"Talking about music is like dancing about architecture." - Thelonious Monk

Sep 5, 2010

ANAT FORT TRIO - And If


My 5 year old son recently made up a good game. We put on some music, launch the iTunes visualizer (must be the Classic not the new one which is dull) and then say things the patterns suggest or make us feel like. He comes up with sentences like ‘I feel like an astronaut playing with shooting stars’, or ‘I’m swimming in a dinosaur’s stomach’. The other day I put on And if by the Anat Fort trio, launched the visualizer and almost immediately he said; ‘It feels like I’m exploring inside a clock’. And in some ways he’s spot on. These ten pieces of exquisitely rendered music are all explorations in time and space played with the tenderness and touch of someone blessed by angels.

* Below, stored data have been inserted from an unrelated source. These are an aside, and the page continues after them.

(* Let $G$ be a finite simple graph on a vertex set $V$ with $|V|=n\ge2$, and let $k\ge1$. Let $\mathscr A=\{I(K_n\setminus e)\}^{*\infty}\cup\{I(K_n)\}$ (graphs on $V$), and let $\mathscr W_k=\mathscr A+\dots+\mathscr A+\{I(K_n)\}$ with $k-1$ summands $\mathscr A$ (so $\mathscr W_1=\{I(K_n)\}$). Then $G$ has a proper edge colouring with $k$ colours if and only if there exists $H\in\{I(G)\}*\mathscr W_k$ such that for every $a\in\{1,\dots,k\}$ every element of $s(\{I(U_a(H))\}*\{I(K_{1,n-1})\})$ is at most $1$.
   Context: Take $R=\mathbb{Z}$ (or $\mathbb R$). An $R$-weighted complete graph $K$ is a finite vertex set with a weight $v_K(e)\in R$ on every 2-subset $e$. For such $H,G'$ with equal vertex counts and a bijection $f:V(H)\to V(G')$, $H*_fG'$ has vertex set $V(H)$ and weights $v_H(\{x,y\})v_{G'}(\{f(x),f(y)\})$; $H*G'=\{H*_fG': f \text{ bijection}\}$, and for sets $\mathscr H*\mathscr G=\bigcup_{H\in\mathscr H,G'\in\mathscr G}H*G'$. $s(K)=\sum_e v_K(e)$, $s(\mathscr K)=\{s(K):K\in\mathscr K\}$. For weighted complete graphs $H_1,H_2$ on the same vertex set, $H_1+H_2$ has weights $v_{H_1}+v_{H_2}$; for sets on a common vertex set, $\mathscr H_1+\mathscr H_2=\{H_1+H_2\}$. For a set $\mathscr X$, $\mathscr X^{*1}=\mathscr X$, $\mathscr X^{*(m+1)}=\mathscr X^{*m}*\mathscr X$; if there is $N$ with $\mathscr X^{*m}=\mathscr X^{*N}$ for all $m\ge N$, then $\mathscr X^{*\infty}:=\mathscr X^{*N}$ (this exists for $\mathscr X=\{I(K_n\setminus e)\}$). $K_n\setminus e$ is the complete graph on $V$ with one edge removed. For a simple graph $G$, $I(G)$ has weight $1$ on edges and $0$ on non-edges. For $a\in R$ and a weighted complete graph $H$, $U_a(H)$ is the unweighted graph on $V(H)$ whose edges are the pairs $e$ with $v_H(e)=a$. *)

theory Defs
  imports Main
begin

text \<open>Weighted complete graphs on a fixed finite vertex set V are represented as
  functions from 2-subsets of V to int, normalised to 0 outside the 2-subsets of V.\<close>

type_synonym 'a wgraph = "'a set \<Rightarrow> int"

definition edges2 :: "'a set \<Rightarrow> 'a set set" where
  "edges2 V = {e. e \<subseteq> V \<and> card e = 2}"

definition indic :: "'a set \<Rightarrow> 'a set set \<Rightarrow> 'a wgraph" where
  "indic V E = (\<lambda>e. if e \<in> edges2 V \<and> e \<in> E then 1 else 0)"

definition wstar :: "'a set \<Rightarrow> ('a \<Rightarrow> 'a) \<Rightarrow> 'a wgraph \<Rightarrow> 'a wgraph \<Rightarrow> 'a wgraph" where
  "wstar V f H G = (\<lambda>e. if e \<in> edges2 V then H e * G (f ` e) else 0)"

definition wstar_set :: "'a set \<Rightarrow> 'a wgraph set \<Rightarrow> 'a wgraph set \<Rightarrow> 'a wgraph set" where
  "wstar_set V HH GG = {wstar V f H G | f H G. H \<in> HH \<and> G \<in> GG \<and> bij_betw f V V}"

definition wplus_set :: "'a set \<Rightarrow> 'a wgraph set \<Rightarrow> 'a wgraph set \<Rightarrow> 'a wgraph set" where
  "wplus_set V HH GG = {(\<lambda>e. H e + G e) | H G. H \<in> HH \<and> G \<in> GG}"

definition wsum :: "'a set \<Rightarrow> 'a wgraph \<Rightarrow> int" where
  "wsum V K = (\<Sum>e\<in>edges2 V. K e)"

text \<open>wpow V X m is X^{*(m+1)}\<close>
fun wpow :: "'a set \<Rightarrow> 'a wgraph set \<Rightarrow> nat \<Rightarrow> 'a wgraph set" where
  "wpow V X 0 = X"
| "wpow V X (Suc m) = wstar_set V (wpow V X m) X"

definition wpow_inf :: "'a set \<Rightarrow> 'a wgraph set \<Rightarrow> 'a wgraph set" where
  "wpow_inf V X = (THE Y. \<exists>N. Y = wpow V X N \<and> (\<forall>m\<ge>N. wpow V X m = wpow V X N))"

definition U :: "'a set \<Rightarrow> int \<Rightarrow> 'a wgraph \<Rightarrow> 'a set set" where
  "U V a H = {e \<in> edges2 V. H e = a}"

definition star_edges :: "'a set \<Rightarrow> 'a \<Rightarrow> 'a set set" where
  "star_edges V c = {{c, v} | v. v \<in> V \<and> v \<noteq> c}"

text \<open>W_k = A + ... + A + {I(K_n)} with k-1 summands A: Wk V A (k-1)\<close>
fun Wk :: "'a set \<Rightarrow> 'a wgraph set \<Rightarrow> nat \<Rightarrow> 'a wgraph set" where
  "Wk V A 0 = {indic V (edges2 V)}"
| "Wk V A (Suc m) = wplus_set V A (Wk V A m)"

definition proper_edge_colouring :: "'a set set \<Rightarrow> nat \<Rightarrow> ('a set \<Rightarrow> nat) \<Rightarrow> bool" where
  "proper_edge_colouring E k col \<longleftrightarrow>
     (\<forall>e\<in>E. col e \<in> {1..k}) \<and>
     (\<forall>e1\<in>E. \<forall>e2\<in>E. e1 \<noteq> e2 \<and> e1 \<inter> e2 \<noteq> {} \<longrightarrow> col e1 \<noteq> col e2)"

end

theory Submission
  imports Defs "HOL-Combinatorics.Permutations"
begin

text \<open>A bijection of V can move any edge onto e0, so the powers of I(K_n \<setminus> e0) are exactly
  the indicators of K_n minus an edge set containing e0. Hence every member of W_k takes values
  in 1..k, and, peeling off one layer at a time, every such weighting that gives e0 weight 1 is a
  member. Since colours can be permuted, a proper k-colouring can be arranged to give e0 colour 1
  and then becomes such a weighting. On the other side, the star product of I(U_a(H)) with
  I(K_{1,n-1}) under a bijection sending u to the centre counts the edges of U_a(H) at u, so the
  condition says precisely that every weight class U_a(H) is a matching.\<close>

lemma finite_edges2: "finite V \<Longrightarrow> finite (edges2 V)"
  unfolding edges2_def by (rule finite_subset[of _ "Pow V"]) auto

lemma bij_betw_image_edges2:
  assumes "bij_betw f V V" "e \<in> edges2 V"
  shows "f ` e \<in> edges2 V"
proof -
  have eV: "e \<subseteq> V" and "card e = 2" using assms(2) by (auto simp: edges2_def)
  moreover have "inj_on f e" using bij_betw_imp_inj_on[OF assms(1)] eV by (rule inj_on_subset)
  moreover have "f ` e \<subseteq> V" using eV bij_betw_imp_surj_on[OF assms(1)] by blast
  ultimately show ?thesis by (simp add: edges2_def card_image)
qed

lemma permutes_edges2_to_edge:
  assumes "e \<in> edges2 V" "e' \<in> edges2 V"
  obtains f where "f permutes V" "f ` e = e'"
proof -
  obtain a b where e: "e = {a, b}" "a \<noteq> b" "a \<in> V" "b \<in> V"
    using assms(1) by (auto simp: edges2_def card_2_iff)
  obtain c d where e': "e' = {c, d}" "c \<noteq> d" "c \<in> V" "d \<in> V"
    using assms(2) by (auto simp: edges2_def card_2_iff)
  define g where "g = transpose a c"
  define h where "h = transpose (g b) d"
  have g: "g permutes V" unfolding g_def using e e' by (simp add: permutes_swap_id)
  then have h: "h permutes V" unfolding h_def using e e' by (simp add: permutes_swap_id permutes_in_image)
  have "g b \<noteq> c" using e unfolding g_def by (auto simp: transpose_def)
  then have "(h \<circ> g) ` e = e'" using e e' unfolding g_def h_def by (auto simp: transpose_def)
  with permutes_compose[OF g h] show ?thesis by (rule that)
qed

lemma wstar_indic_complements:
  assumes "bij_betw f V V"
  shows "wstar V f (indic V (edges2 V - F)) (indic V (edges2 V - {e0}))
       = indic V (edges2 V - (F \<union> {e \<in> edges2 V. f ` e = e0}))"
proof
  fix e
  show "wstar V f (indic V (edges2 V - F)) (indic V (edges2 V - {e0})) e
      = indic V (edges2 V - (F \<union> {e \<in> edges2 V. f ` e = e0})) e"
    using bij_betw_image_edges2[OF assms, of e] by (auto simp: wstar_def indic_def)
qed

lemma card_edges2_preimage_le_1:
  assumes "bij_betw f V V"
  shows "card {e \<in> edges2 V. f ` e = e0} \<le> 1"
proof -
  have "inj_on ((`) f) (Pow V)" using assms by (simp add: bij_betw_def inj_on_image_Pow)
  then have "a = b" if "a \<in> edges2 V" "b \<in> edges2 V" "f ` a = e0" "f ` b = e0" for a b
    using that by (auto simp: edges2_def dest: inj_onD)
  then show ?thesis
    by (cases "finite {e \<in> edges2 V. f ` e = e0}") (auto simp: card_le_Suc0_iff_eq)
qed

definition edge_deletions :: "'a set \<Rightarrow> 'a set \<Rightarrow> nat \<Rightarrow> 'a wgraph set" where
  "edge_deletions V e0 m = {indic V (edges2 V - F) | F. e0 \<in> F \<and> F \<subseteq> edges2 V \<and> card F \<le> m}"

lemma edge_deletions_1:
  assumes "finite V" "e0 \<in> edges2 V"
  shows "edge_deletions V e0 1 = {indic V (edges2 V - {e0})}"
proof -
  have "F = {e0}" if "e0 \<in> F" "F \<subseteq> edges2 V" "card F \<le> 1" for F
    using that finite_subset[OF that(2) finite_edges2[OF assms(1)]]
    by (auto simp: card_le_Suc0_iff_eq)
  then show ?thesis using assms(2) by (auto simp: edge_deletions_def)
qed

Israeli Anat Fort who shares her time between her homeland and NYC is a relative newcomer on the trio scene but is someone I suspect will be a leading light in it for years to come. This new release, only her second ECM album has all the hallmarks of the classic label; beautifully recorded, amazing piano, hi-fi separation between drums, Roland Schneider, and bass, Gary Wang, and a sonorific, ethereal mix that you can lose yourself in after just a few bars. This really is beautiful music for all ages. As Butch said to Sundance, ‘Who are these guys?’. My backlog of reviews is growing and growing as new talents like Anat keep arriving and redrawing the boundaries of trio music.

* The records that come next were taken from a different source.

text \<open>The setting of the theorem; admissibility is only used through the fact that s
  contains infinitely many x's.\<close>
locale tiled_frontier =
  fixes h :: nat and s :: "nat \<Rightarrow> letter"
    and P :: "int \<Rightarrow> int \<times> int" and t :: "int \<times> int \<Rightarrow> nat"
  assumes emb: "embedding (frontier_word h s) P"
    and til: "sl2_tiling t"
    and pos: "\<forall>p. t p > 0"
    and ext: "extends_frontier t P"
    and infinitely_many_X: "\<exists>k\<ge>m. s k = X"
begin

definition origin :: "int \<times> int" where
  "origin = P (int h + 1)"

definition u :: "int \<Rightarrow> int \<Rightarrow> int" where
  "u a b = int (t (origin + (a, b)))"

lemma origin_shift: "origin + (a, b) = (fst origin + a, snd origin + b)"
  by (simp add: prod_eq_iff)

sublocale nonzero_sl2_array u
proof
  fix a b
  show "u a (b + 1) * u (a + 1) b - u a b * u (a + 1) (b + 1) = 1"
    using til[unfolded sl2_tiling_def, rule_format, of "fst origin + a" "snd origin + b"]
    by (simp add: u_def origin_shift add.assoc)
  show "u a b \<noteq> 0"
    using pos[rule_format, of "origin + (a, b)"] by (simp add: u_def)
qed

lemma on_frontier:
  assumes "P i = origin + (a, b)"
  shows "u a b = 1"
  using ext assms unfolding extends_frontier_def u_def by (metis of_nat_1)

lemma path_step: "P (i + 1) = P i + step (frontier_word h s (i + 1))"
  using emb unfolding embedding_def by (metis add_diff_cancel_right')

lemma step_X: "step X = (1, 0)" and step_Y: "step Y = (0, 1)"
  by (simp_all add: step_def)

lemma middle_row: "k \<le> h \<Longrightarrow> P (int h + 1 - int k) = origin + (- int k, 0)"
proof (induction k)
  case 0
  then show ?case by (simp add: origin_def zero_prod_def)
next
  case (Suc k)
  have "frontier_word h s (int h + 1 - int k) = X"
    using Suc.prems by (simp add: frontier_word_def)
  then have "P (int h + 1 - int k) = P (int h + 1 - int (Suc k)) + (1, 0)"
    using path_step[of "int h - int k"] by (simp add: step_X algebra_simps)
  then show ?case
    using Suc by (simp add: prod_eq_iff)
qed

lemma before_middle: "P 0 = origin + (- int h, -1)"
proof -
  have "P 1 = P 0 + (0, 1)"
    using path_step[of 0] by (simp add: frontier_word_def step_Y)
  then show ?thesis
    using middle_row[of h] by (simp add: prod_eq_iff)
qed

lemma after_middle: "P (int h + 2) = origin + (0, 1)"
  using path_step[of "int h + 1"] by (simp add: frontier_word_def step_Y origin_def add.assoc)

lemma middle_values:
  "k \<le> h \<Longrightarrow> u (- int k) 0 = 1" "u (- int h) (-1) = 1" "u 0 1 = 1"
  using middle_row before_middle after_middle by (auto intro: on_frontier)

text \<open>Walking along the segment x^h, X grows by the perpendicular of Y(0) = (1, 0) at each
  step, so u 0 (-1) = h + 1.\<close>
lemma column_below_origin: "u 0 (-1) = int h + 1"
proof -
  have "u (- int h + int d) (-1) = 1 + int d" if "d \<le> h" for d
    using that
  proof (induction d)
    case 0
    then show ?case using middle_values(2) by simp
  next
    case (Suc d)
    have "u (- int h + int d) 0 = 1" "u (- int h + int d + 1) 0 = 1"
      using middle_values(1)[of "h - d"] middle_values(1)[of "h - Suc d"] Suc.prems
      by (simp_all add: of_nat_diff algebra_simps)
    then have "u (- int h + int d + 1) (-1) = u (- int h + int d) (-1) + 1"
      using horizontal_step y_at_0 by simp
    then show ?case
      using Suc by (simp add: algebra_simps)
  qed
  then show ?thesis
    using order.refl by fastforce
qed

lemma y_at_1: "y1 1 = int h + 2" "y2 1 = -1"
  using vertical_step[of 0 0] middle_values(1)[of 0] middle_values(3) y_at_0 column_below_origin
  by simp_all

definition ra :: "nat \<Rightarrow> int" where "ra m = fst (P (int h + 2 + int m) - origin)"
definition rb :: "nat \<Rightarrow> int" where "rb m = snd (P (int h + 2 + int m) - origin)"
definition la :: "nat \<Rightarrow> int" where "la m = fst (P (- int m) - origin)"
definition lb :: "nat \<Rightarrow> int" where "lb m = snd (P (- int m) - origin)"

lemma walkers_on_frontier: "u (ra m) (rb m) = 1" "u (la m) (lb m) = 1"
  by (rule on_frontier, simp add: ra_def rb_def la_def lb_def prod_eq_iff)+

lemma walkers_start: "ra 0 = 0" "rb 0 = 1" "la 0 = - int h" "lb 0 = -1"
  using after_middle before_middle by (simp_all add: ra_def rb_def la_def lb_def)

lemma walkers_move:
  "P (int h + 2 + int (Suc m)) = P (int h + 2 + int m) + step (s m)"
  "P (- int m) = P (- int (Suc m)) + step (swap_letter (s m))"
  using path_step[of "int h + 2 + int m"] path_step[of "- int (Suc m)"]
  by (simp_all add: frontier_word_def add.assoc)

lemma walkers_move_X:
  assumes "s m = X"
  shows "ra (Suc m) = ra m + 1" "rb (Suc m) = rb m" "la (Suc m) = la m" "lb (Suc m) = lb m - 1"
  using walkers_move[of m] assms by (simp_all add: ra_def rb_def la_def lb_def step_X step_Y)

lemma walkers_move_Y:
  assumes "s m = Y"
  shows "ra (Suc m) = ra m" "rb (Suc m) = rb m + 1" "la (Suc m) = la m - 1" "lb (Suc m) = lb m"
  using walkers_move[of m] assms by (simp_all add: ra_def rb_def la_def lb_def step_X step_Y)

definition mirror_invariant :: "nat \<Rightarrow> bool" where
  "mirror_invariant m \<longleftrightarrow> lb m = -1 - ra m
     \<and> y1 (lb m) = (int h + 1) * u (ra m) 0 - u (ra m) (-1) \<and> y2 (lb m) = u (ra m) 0
     \<and> u (la m) 0 = - y2 (rb m) \<and> u (la m) (-1) = y1 (rb m) + (int h + 1) * y2 (rb m)"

With touches of Jarrett’s gospel inflections and Crispell’s space and compositional economy, Fort is nonetheless a new original voice that we must savour and delight in. Her association with Paul Motian, another lifelong explorer and master of time, on her previous recording is celebrated in two eponymous pieces top and tailing the set which float on a beautiful slow tempo of time remembered, memories past and love. As the final cymbal sizzle fades we get 12 more seconds of silence to give us time to re-enter the world – we need it. The rolling Clouds’ Moving and tender Minnesota see the trio exploring Americana flavours with an ease of expression and lightness of touch I seldom hear so sensitively played. The canon-like En If embodies a deep focused train of thought and the near 10 minute Something ‘Bout Camels is the collection’s masterpiece full of eastern nuance, finessed harmonic structure and rhythmic interplay of the highest order. Lanesboro is full of longing and paints a more classical picture to accompany the soulful Minnesota, a place I’ve never heard celebrated in Jazz but which obviously plays a significant part in Fort's affections. And just in case you were wondering, Nu shows that she can get down in the grit and grime of the funk with the best of them.

This is deeply romantic, evocative art. I end listening to the 50 minute set wanting to weep for all the beauty in the world or for all its dilemmas or both. I still don’t know which but I do know that this is music that will help you understand your own soul.